There are thousands of them, so manually separating them is not possible. So here is my question: - Do I have to separate it comma and put the overarching key and make everything else as value in order to analyze it? I'm a beginner to data analysis, especially for json formatted data so any tips would be appreciated.


Solution

  • The raw_decode(s) method from json.JSONDecoder sounds like what you need. To quote from its doc string:

    raw_decode(s): Decode a JSON document from s (a str beginning with a JSON document) and return a 2-tuple of the Python representation and the index in s where the document ended. This can be used to decode a JSON document from a string that may have extraneous data at the end.

    Example usage:

    import json
    
    s = """{
      "areaId": "Tracking001",
      "areaName": "Learning Theater Indoor",
      "color": "#99FFFF"
    }
    {
      "areaId": "Tracking001",
      "areaName": "Learning Theater Indoor",
      "color": "#33CC00"
    }"""
    decoder = json.JSONDecoder()
    v0, i = decoder.raw_decode(s)
    v1, _ = decoder.raw_decode(s[i+1:]) # i+1 needed to skip line break
    

    Now v0 and v1 hold the parsed json values.

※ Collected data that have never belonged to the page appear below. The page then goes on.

(* Fix integers $M\ge N\ge1$ and $c_0,\dots,c_{N-1}>0$, and let $h_{\mathbf{c}}(z)=\sum_{j=0}^{N-1}c_jz^j$. Then for every $A\in\mathbb{P}_N(\mathbb{C})\setminus\{0\}$, $$\mathcal{C}(h_{\mathbf{c}};z^M;A)=\varrho\bigl(h_{\mathbf{c}}[A]^{\dagger/2}A^{\circ M}h_{\mathbf{c}}[A]^{\dagger/2}\bigr).$$ Moreover, if $A=\mathbf{u}\mathbf{u}^*$ with $\mathbf{u}\in\mathbb{C}^N$ having pairwise distinct coordinates, then $$\mathcal{C}(h_{\mathbf{c}};z^M;\mathbf{u}\mathbf{u}^* )=(\mathbf{u}^{\circ M})^*h_{\mathbf{c}}[\mathbf{u}\mathbf{u}^*]^\dagger\mathbf{u}^{\circ M}=\sum_{j=0}^{N-1}\frac{|s_{\mu(M,N,j)}(\mathbf{u})|^2}{c_j}.$$
   Context: $\mathbb{P}_N(\mathbb{C})$ is the set of $N\times N$ Hermitian positive semidefinite matrices. $h[A]$ is entrywise application, $A^{\circ M}$ the entrywise power, $\mathbf{u}^{\circ M}=(u_i^M)$. $\mathcal{C}(h;g;A)$ is the smallest real $C$ with $g[A]\le C\,h[A]$ in the Loewner order. $C^\dagger$ is the Moore–Penrose inverse, $C^{\dagger/2}$ the principal square root of $C^\dagger$, and $\varrho(C)$ the spectral radius. $s_\lambda$ is the Schur polynomial and $\mu(M,N,j)=(M-N+1,1,\dots,1,0,\dots,0)$ the hook partition with $N-j-1$ ones and $j$ zeros. *)

theory Defs
  imports "Jordan_Normal_Form.Spectral_Radius"
begin

definition adj :: "complex mat \<Rightarrow> complex mat" where
  "adj A = mat (dim_col A) (dim_row A) (\<lambda>(i,j). cnj (A $$ (j,i)))"

definition psd :: "nat \<Rightarrow> complex mat \<Rightarrow> bool" where
  "psd n A \<longleftrightarrow> A \<in> carrier_mat n n \<and> adj A = A \<and>
     (\<forall>v \<in> carrier_vec n. 0 \<le> Re (conjugate v \<bullet> (A *\<^sub>v v)))"

definition loewner_le :: "nat \<Rightarrow> complex mat \<Rightarrow> complex mat \<Rightarrow> bool" where
  "loewner_le n B C \<longleftrightarrow> B \<in> carrier_mat n n \<and> C \<in> carrier_mat n n \<and> psd n (C - B)"

definition entrywise :: "(complex \<Rightarrow> complex) \<Rightarrow> complex mat \<Rightarrow> complex mat" where
  "entrywise h A = map_mat h A"

definition crit_set :: "nat \<Rightarrow> (complex \<Rightarrow> complex) \<Rightarrow> (complex \<Rightarrow> complex) \<Rightarrow> complex mat \<Rightarrow> real set" where
  "crit_set n h g A = {C. loewner_le n (entrywise g A) (complex_of_real C \<cdot>\<^sub>m entrywise h A)}"

definition crit_const :: "nat \<Rightarrow> (complex \<Rightarrow> complex) \<Rightarrow> (complex \<Rightarrow> complex) \<Rightarrow> complex mat \<Rightarrow> real" where
  "crit_const n h g A = Inf (crit_set n h g A)"

definition mp_inverse :: "complex mat \<Rightarrow> complex mat" where
  "mp_inverse A = (THE X. X \<in> carrier_mat (dim_col A) (dim_row A) \<and>
      A * X * A = A \<and> X * A * X = X \<and> adj (A * X) = A * X \<and> adj (X * A) = X * A)"

definition psd_sqrt :: "complex mat \<Rightarrow> complex mat" where
  "psd_sqrt A = (THE X. psd (dim_row A) X \<and> X * X = A)"

definition mp_half :: "complex mat \<Rightarrow> complex mat" where
  "mp_half A = psd_sqrt (mp_inverse A)"

definition hc :: "nat \<Rightarrow> (nat \<Rightarrow> real) \<Rightarrow> complex \<Rightarrow> complex" where
  "hc N c z = (\<Sum>j<N. complex_of_real (c j) * z ^ j)"

definition outer :: "complex vec \<Rightarrow> complex mat" where
  "outer u = mat (dim_vec u) (dim_vec u) (\<lambda>(i,j). u $ i * cnj (u $ j))"

definition vpow :: "complex vec \<Rightarrow> nat \<Rightarrow> complex vec" where
  "vpow u M = map_vec (\<lambda>z. z ^ M) u"

text \<open>Evaluation of the Schur polynomial s_lambda in N variables at x (lambda given as a
  weakly decreasing sequence lam 0 >= ... >= lam (N-1)), via Jacobi's bialternant formula
  s_lambda = a_{lambda+delta} / a_delta. This is the value of the Schur polynomial whenever
  the coordinates of x are pairwise distinct (the only case used).\<close>
definition schur_eval :: "nat \<Rightarrow> (nat \<Rightarrow> nat) \<Rightarrow> (nat \<Rightarrow> complex) \<Rightarrow> complex" where
  "schur_eval N lam x =
     det (mat N N (\<lambda>(i,j). x i ^ (lam j + (N - 1 - j)))) /
     det (mat N N (\<lambda>(i,j). x i ^ (N - 1 - j)))"

definition hook :: "nat \<Rightarrow> nat \<Rightarrow> nat \<Rightarrow> nat \<Rightarrow> nat" where
  "hook M N j k = (if k = 0 then M - N + 1 else if k \<le> N - j - 1 then 1 else 0)"

end

theory Submission
  imports Defs
begin

text \<open>Write \<open>A = \<Sum>\<^sub>k w\<^sub>k w\<^sub>k\<^sup>*\<close>. Then \<open>h\<^sub>c[A]\<close> and \<open>A\<^sup>\<circ>\<^sup>M\<close> are Gram matrices of the monomials in
  the \<open>w\<^sub>k\<close> of degree \<open>< N\<close> (weighted by \<open>\<surd>c\<^sub>j\<close>) and of degree \<open>M\<close>. On the \<open>N\<close> index points every
  monomial agrees with a polynomial of degree \<open>\<le> N - 1\<close> (Lagrange interpolation), so
  \<open>ker h\<^sub>c[A] \<subseteq> ker A\<^sup>\<circ>\<^sup>M\<close>. For positive semidefinite \<open>H, P\<close> with \<open>ker H \<subseteq> ker P\<close>, the inequality
  \<open>P \<le> C H\<close> holds iff \<open>C \<ge> \<rho>(H\<^sup>\<dagger>\<^sup>/\<^sup>2 P H\<^sup>\<dagger>\<^sup>/\<^sup>2)\<close>, because every \<open>v\<close> is \<open>H\<^sup>\<dagger>\<^sup>/\<^sup>2 w\<close> plus a kernel vector
  of \<open>H\<close> with \<open>|w|\<^sup>2 = v\<^sup>* H v\<close>.

  For \<open>A = u u\<^sup>*\<close> the matrix \<open>h\<^sub>c[A]\<^sup>\<dagger>\<^sup>/\<^sup>2 A\<^sup>\<circ>\<^sup>M h\<^sub>c[A]\<^sup>\<dagger>\<^sup>/\<^sup>2\<close> has rank one. If the coordinates of \<open>u\<close> are
  distinct, \<open>h\<^sub>c[u u\<^sup>*] = V D V\<^sup>*\<close> with the invertible Vandermonde matrix \<open>V\<close> and
  \<open>D = diag(c\<^sub>N\<^sub>-\<^sub>1, \<dots>, c\<^sub>0)\<close>, so the constant is \<open>\<Sum>\<^sub>k |(V\<^sup>-\<^sup>1 u\<^sup>\<circ>\<^sup>M)\<^sub>k|\<^sup>2 / c\<^sub>N\<^sub>-\<^sub>1\<^sub>-\<^sub>k\<close>; by Cramer's rule
  these coordinates are quotients of alternants, i.e.\ the hook Schur polynomials.\<close>

lemma index_mult_mat_sum:
  assumes "A \<in> carrier_mat n k" "B \<in> carrier_mat k m" "i < n" "j < m"
  shows "(A * B) $$ (i,j) = (\<Sum>l<k. A $$ (i,l) * B $$ (l,j))"
  using assms by (auto simp: scalar_prod_def atLeast0LessThan intro!: sum.cong)

lemma index_mult_mat_vec_sum:
  assumes "A \<in> carrier_mat n k" "v \<in> carrier_vec k" "i < n"
  shows "(A *\<^sub>v v) $ i = (\<Sum>l<k. A $$ (i,l) * v $ l)"
  using assms by (auto simp: scalar_prod_def atLeast0LessThan intro!: sum.cong)

lemma cscalar_prod_sum:
  "v \<in> carrier_vec n \<Longrightarrow> w \<in> carrier_vec n \<Longrightarrow> v \<bullet>c w = (\<Sum>k<n. v $ k * cnj (w $ k))"
  by (auto simp: scalar_prod_def atLeast0LessThan intro!: sum.cong)

lemma conjugate_scalar_prod_self:
  fixes z :: "complex vec"
  assumes z: "z \<in> carrier_vec n"
  shows "conjugate z \<bullet> z = complex_of_real (\<Sum>i<n. (cmod (z $ i))^2)"
proof -
  have "conjugate z \<bullet> z = (\<Sum>i<n. cnj (z $ i) * z $ i)"
    using z by (auto simp: scalar_prod_def atLeast0LessThan intro!: sum.cong)
  also have "\<dots> = complex_of_real (\<Sum>i<n. (cmod (z $ i))^2)"
    by (simp only: of_real_sum complex_norm_square) (simp add: ac_simps)
  finally show ?thesis .
qed

lemma conjugate_scalar_prod_self_eq_0:
  fixes z :: "complex vec"
  assumes z: "z \<in> carrier_vec n" and h: "conjugate z \<bullet> z = 0"
  shows "z = 0\<^sub>v n"
proof -
  have "z \<bullet>c z = 0" using h conjugate_vec_sprod_comm[OF z z] by simp
  thus ?thesis using conjugate_square_eq_0_vec[OF z] by simp
qed

lemma adj_dims[simp]: "dim_row (adj A) = dim_col A" "dim_col (adj A) = dim_row A"
  by (auto simp: adj_def)

lemma adj_carrier[simp]: "A \<in> carrier_mat n m \<Longrightarrow> adj A \<in> carrier_mat m n"
  by (auto simp: adj_def)

lemma adj_index[simp]: "i < dim_col A \<Longrightarrow> j < dim_row A \<Longrightarrow> adj A $$ (i,j) = cnj (A $$ (j,i))"
  by (auto simp: adj_def)

lemma adj_adj[simp]: "adj (adj A) = A"
  by (rule eq_matI) auto

lemma adj_mult:
  assumes "A \<in> carrier_mat n k" "B \<in> carrier_mat k m"
  shows "adj (A * B) = adj B * adj A"
proof (rule eq_matI)
  fix i j assume ij: "i < dim_row (adj B * adj A)" "j < dim_col (adj B * adj A)"
  hence i: "i < m" and j: "j < n" using assms by auto
  have "adj (A * B) $$ (i,j) = cnj ((A*B) $$ (j,i))" using assms i j by auto
  also have "\<dots> = (\<Sum>l<k. cnj (B $$ (l,i)) * cnj (A $$ (j,l)))"
    by (subst index_mult_mat_sum[OF assms(1,2) j i]) (simp add: cnj_sum mult.commute)
  also have "\<dots> = (adj B * adj A) $$ (i,j)"
    by (subst index_mult_mat_sum[of _ m k _ n]) (use assms i j in auto)
  finally show "adj (A * B) $$ (i,j) = (adj B * adj A) $$ (i,j)" .
qed (use assms in auto)

lemma adj_one[simp]: "adj (1\<^sub>m n) = 1\<^sub>m n"
  by (rule eq_matI) auto

lemma adj_minus: "A \<in> carrier_mat n m \<Longrightarrow> B \<in> carrier_mat n m \<Longrightarrow> adj (A - B) = adj A - adj B"
  by (rule eq_matI) auto

lemma adj_smult: "adj (a \<cdot>\<^sub>m A) = cnj a \<cdot>\<^sub>m adj A"
  by (rule eq_matI) auto

lemma scalar_prod_mult_adj:
  assumes A: "A \<in> carrier_mat n k" and v: "v \<in> carrier_vec n" and w: "w \<in> carrier_vec k"
  shows "conjugate v \<bullet> (A *\<^sub>v w) = conjugate (adj A *\<^sub>v v) \<bullet> w"
proof -
  have "conjugate v \<bullet> (A *\<^sub>v w) = (\<Sum>i<n. cnj (v $ i) * (\<Sum>l<k. A $$ (i,l) * w $ l))"
    using A v w by (auto simp: scalar_prod_def atLeast0LessThan index_mult_mat_vec_sum intro!: sum.cong)
  also have "\<dots> = (\<Sum>l<k. (\<Sum>i<n. cnj (v $ i) * A $$ (i,l)) * w $ l)"
    by (simp add: sum_distrib_left sum_distrib_right ac_simps) (rule sum.swap)
  also have "\<dots> = conjugate (adj A *\<^sub>v v) \<bullet> w"
    using A v w by (auto simp: scalar_prod_def atLeast0LessThan index_mult_mat_vec_sum[OF adj_carrier[OF A] v]
        cnj_sum ac_simps intro!: sum.cong)
  finally show ?thesis .
qed

definition unitary :: "nat \<Rightarrow> complex mat \<Rightarrow> bool" where
  "unitary n U \<longleftrightarrow> U \<in> carrier_mat n n \<and> adj U * U = 1\<^sub>m n \<and> U * adj U = 1\<^sub>m n"

lemma unitary_carrier: "unitary n U \<Longrightarrow> U \<in> carrier_mat n n"
  by (simp add: unitary_def)

lemma unitary_one: "unitary n (1\<^sub>m n)"
  by (simp add: unitary_def)

lemma unitary_mult: assumes "unitary n U" "unitary n V" shows "unitary n (U * V)"
proof -
  have U: "U \<in> carrier_mat n n" and V: "V \<in> carrier_mat n n" using assms unitary_def by auto
  note cs = adj_mult assoc_mult_mat[of _ n n _ n _ n] mult_carrier_mat[of _ n n _ n]
  have "adj (U * V) * (U * V) = adj V * (adj U * U) * V" using U V by (simp add: cs)
  also have "\<dots> = 1\<^sub>m n" using assms U V unfolding unitary_def by simp
  finally have 1: "adj (U * V) * (U * V) = 1\<^sub>m n" .
  have "(U * V) * adj (U * V) = U * (V * adj V) * adj U" using U V by (simp add: cs)
  also have "\<dots> = 1\<^sub>m n" using assms U V unfolding unitary_def by simp
  finally show ?thesis using 1 U V unfolding unitary_def by auto
qed

lemma unitary_cancel_left: "unitary n U \<Longrightarrow> X \<in> carrier_mat n k \<Longrightarrow> U * (adj U * X) = X"
  unfolding unitary_def by (simp add: assoc_mult_mat[of _ n n _ n _ k, symmetric])

lemma unitary_adj_mult_col:
  assumes V: "unitary n V" and i: "i < n"
  shows "adj V *\<^sub>v col V i = unit_vec n i"
proof -
  have Vc: "V \<in> carrier_mat n n" using V unitary_carrier by auto
  have "adj V *\<^sub>v col V i = col (adj V * V) i" using col_mult2[OF adj_carrier[OF Vc] Vc i] by simp
  also have "\<dots> = unit_vec n i" using V i unfolding unitary_def by simp
  finally show ?thesis .
qed

definition real_diag_mat :: "nat \<Rightarrow> (nat \<Rightarrow> real) \<Rightarrow> complex mat" where
  "real_diag_mat n d = mat n n (\<lambda>(i,j). if i = j then complex_of_real (d i) else 0)"

lemma real_diag_mat_carrier[simp]: "real_diag_mat n d \<in> carrier_mat n n"
  by (simp add: real_diag_mat_def)

lemma real_diag_mat_index[simp]:
  "i < n \<Longrightarrow> j < n \<Longrightarrow> real_diag_mat n d $$ (i,j) = (if i = j then complex_of_real (d i) else 0)"
  by (simp add: real_diag_mat_def)

lemma real_diag_mat_dims[simp]: "dim_row (real_diag_mat n d) = n" "dim_col (real_diag_mat n d) = n"
  by (auto simp: real_diag_mat_def)

lemma adj_real_diag_mat[simp]: "adj (real_diag_mat n d) = real_diag_mat n d"
  by (rule eq_matI) auto

lemma real_diag_mat_cong: "(\<And>i. i < n \<Longrightarrow> d i = e i) \<Longrightarrow> real_diag_mat n d = real_diag_mat n e"
  unfolding real_diag_mat_def by (auto intro!: cong_mat)

lemma real_diag_mat_mult: "real_diag_mat n d * real_diag_mat n e = real_diag_mat n (\<lambda>i. d i * e i)"
proof (rule eq_matI)
  fix i j assume "i < dim_row (real_diag_mat n (\<lambda>i. d i * e i))" "j < dim_col (real_diag_mat n (\<lambda>i. d i * e i))"
  hence i: "i < n" and j: "j < n" by auto
  have "(real_diag_mat n d * real_diag_mat n e) $$ (i,j) =
      (\<Sum>l<n. real_diag_mat n d $$ (i,l) * real_diag_mat n e $$ (l,j))"
    using i j by (intro index_mult_mat_sum) auto
  also have "\<dots> = (\<Sum>l\<in>{i}. real_diag_mat n d $$ (i,l) * real_diag_mat n e $$ (l,j))"
    by (rule sum.mono_neutral_right) (use i j in auto)
  finally show "(real_diag_mat n d * real_diag_mat n e) $$ (i,j) = real_diag_mat n (\<lambda>i. d i * e i) $$ (i,j)"
    using i j by simp
qed auto

lemma real_diag_mat_mult_vec_index:
  assumes y: "y \<in> carrier_vec n" and i: "i < n"
  shows "(real_diag_mat n d *\<^sub>v y) $ i = complex_of_real (d i) * y $ i"
proof -
  have "(real_diag_mat n d *\<^sub>v y) $ i = (\<Sum>l<n. real_diag_mat n d $$ (i,l) * y $ l)"
    by (rule index_mult_mat_vec_sum) (use y i in auto)
  also have "\<dots> = (\<Sum>l\<in>{i}. real_diag_mat n d $$ (i,l) * y $ l)"
    by (rule sum.mono_neutral_right) (use i in auto)
  finally show ?thesis using i by simp
qed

    You may want to use a loop if you have thousands of values:

    import json
    
    with open("some_file.txt", "r") as f:
        content = f.read()
    parsed_values = []
    decoder = json.JSONDecoder()
    while content:
        value, new_start = decoder.raw_decode(content)
        content = content[new_start:].strip()
        # You can handle the value directly in this loop:
        print("Parsed:", value)
        # Or you can store it in a container and use it later:
        parsed_values.append(value)
    

    Using this code for 1000 of above json values took about 0.03 seconds on my computer. However, it will become inefficient for larger files, because it always reads the complete file.